At least several hundred Tristate doctors -- Aetna would not reveal exactly how many -- have yet to take action on Aetna's contract. Among the undecided-yet-critical: Medica Inc., a group representing 450 Tristate doctors.
In November, Medica urged its member doctors not to sign the Aetna deal after citing nearly 30 objectionable contract terms. While Medica has agreed to deals with several other managed care plans, Aetna has taken an unusually hard line in talks, said Medica President and Chief Executive Bruce Henderson.
"Physician groups are no longer interested in adversarial, dictatorial, unilateral relationships with health plans," he said.
Among the concerns:
Basic contract wording that doctors consider too one-sided. For example, Aetna proposed giving itself the authority to drop a doctor with 30 days' notice. But if a doctor decides to leave the network, the deal required 180 days' notice.
An "all-products" clause that requires doctors to participate in all Aetna health plans.
Aetna officials say they are puzzled by the harsh, public complaints from Cincinnati doctors. They also say the critics represent a minority of area physicians.
Aetna reports that most of the 4,700 physicians in its 28-county Ohio Valley service area have signed the new deal. So have most participating doctors in other cities nationwide.
"We have worked very hard to negotiate contracts that are fair to physicians," said Aetna spokeswoman Stacey Jones.
In fact, Aetna has added doctors locally.
Since Jan. 1, Aetna has lost 17 doctors from retirement, relocation, death or other non-confrontational issues. It also lost 18 primary care doctors and 25 specialists over contract disagreements. During the same period, however, the plan has added 80 primary care physicians and 97 specialists.

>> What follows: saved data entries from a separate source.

lemma chain_eqs_diff:
  assumes "chain_eqs p L U lo hi a c" "chain_eqs p L U lo hi a' c'"
  shows "chain_eqs p L U 0 0 (\<lambda>x. a x - a' x) (\<lambda>x. c x - c' x)"
proof -
  note a = chain_eqsD[OF assms(1)] and a' = chain_eqsD[OF assms(2)]
  have
    "a x - a' x = (1 - p) * (a (x - 1) - a' (x - 1)) + p * (c (x + 1) - c' (x + 1))"
    if "L < x" "x < U" for x
    using a(5)[OF that] a'(5)[OF that] by (simp add: algebra_simps)
  moreover have
    "c x - c' x = (1 - p) * (a (x - 1) - a' (x - 1)) + p * (c (x + 2) - c' (x + 2))"
    if "L + 1 < x" "x < U" for x
    using a(6)[OF that] a'(6)[OF that] by (simp add: algebra_simps)
  ultimately show ?thesis
    using a(1-4) a'(1-4) by (simp add: chain_eqs_def)
qed

lemma abs_eq_bound_if_convex_comb:
  fixes p u v m :: real
  assumes "0 < p" "p \<le> 1" "\<bar>u\<bar> \<le> m" "\<bar>v\<bar> \<le> m" "\<bar>(1 - p) * u + p * v\<bar> = m"
  shows "\<bar>v\<bar> = m"
proof -
  have "m \<le> (1 - p) * \<bar>u\<bar> + p * \<bar>v\<bar>"
    using assms abs_triangle_ineq[of "(1 - p) * u" "p * v"] by (simp add: abs_mult)
  moreover have "(1 - p) * \<bar>u\<bar> \<le> (1 - p) * m"
    using assms by (intro mult_left_mono) auto
  ultimately have "p * m \<le> p * \<bar>v\<bar>"
    by (simp add: algebra_simps)
  then show ?thesis
    using assms(1,4) by (simp add: mult_le_cancel_left_pos)
qed
lemma step_pow_telescoping_term_le:
  assumes "n = k + m"
  shows "step_pow (Suc k) (\<lambda>x. (step_pow m f x)\<^sup>2) y - step_pow k (\<lambda>x. (step_pow (Suc m) f x)\<^sup>2) y
      \<le> 2 * step_pow n (carre_du_champ \<mu> f) y - (step_pow (Suc n) f y - step_pow n f y)\<^sup>2"
proof -
  define g where "g = step_pow m f"
  have "step_pow (Suc k) (\<lambda>x. (g x)\<^sup>2) y - step_pow k (\<lambda>x. (step_op g x)\<^sup>2) y
      = step_pow k (\<lambda>x. 2 * carre_du_champ \<mu> g x - (step_op g x - g x)\<^sup>2) y"
    by (simp add: step_pow_Suc step_pow_diff flip: step_op_variance_eq)
  also have "\<dots> = 2 * step_pow k (carre_du_champ \<mu> g) y - step_pow k (\<lambda>x. (step_op g x - g x)\<^sup>2) y"
    by (simp add: step_pow_diff step_pow_cmult)
  also have "\<dots> \<le> 2 * step_pow n (carre_du_champ \<mu> f) y - (step_pow k (\<lambda>x. step_op g x - g x) y)\<^sup>2"
  proof -
    have "step_pow k (carre_du_champ \<mu> g) y \<le> step_pow k (step_pow m (carre_du_champ \<mu> f)) y"
      unfolding g_def by (intro step_pow_mono carre_du_champ_step_pow_le)
    then show ?thesis
      using step_pow_jensen[of k "\<lambda>x. step_op g x - g x" y] assms by (simp add: step_pow_add)
  qed
  also have "step_pow k (\<lambda>x. step_op g x - g x) y = step_pow (Suc n) f y - step_pow n f y"
    using assms by (simp add: g_def step_pow_diff flip: step_pow_Suc' step_pow_add)
  finally show ?thesis
    by (simp add: g_def flip: step_pow_Suc')
qed

lemma step_pow_poincare:
  "step_pow (Suc n) (\<lambda>x. (f x)\<^sup>2) y + real (Suc n) * (step_pow (Suc n) f y - step_pow n f y)\<^sup>2
     \<le> (step_pow (Suc n) f y)\<^sup>2 + 2 * real (Suc n) * step_pow n (carre_du_champ \<mu> f) y"
proof -
  define a where "a k = step_pow k (\<lambda>x. (step_pow (Suc n - k) f x)\<^sup>2) y" for k
  define C where "C = 2 * step_pow n (carre_du_champ \<mu> f) y - (step_pow (Suc n) f y - step_pow n f y)\<^sup>2"
  have "a (Suc k) - a k \<le> C" if "k < Suc n" for k
  proof -
    have "Suc n - k = Suc (n - k)" "Suc n - Suc k = n - k" "n = k + (n - k)"
      using that by auto
    then show ?thesis
      unfolding a_def C_def by (metis step_pow_telescoping_term_le)
  qed
  then have "(\<Sum>k<Suc n. a (Suc k) - a k) \<le> real (Suc n) * C"
    using sum_mono[of "{..<Suc n}" "\<lambda>k. a (Suc k) - a k" "\<lambda>k. C"] by simp
  then have "a (Suc n) - a 0 \<le> real (Suc n) * C"
    by (simp only: sum_lessThan_telescope)
  then show ?thesis
    by (simp add: a_def C_def algebra_simps)
qed

end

"Not everyone is going to like the terms of every business arrangement. But a majority of doctors in Cincinnati and across Ohio say this is acceptable," said Aetna's local manager, Bruce Turner.
Aetna contends that many physician concerns are based on misunderstandings. To correct them, Aetna is trying to schedule meetings with individual doctors.
"We want to negotiate these contracts with individual physicians, not in the media," Mr. Turner said.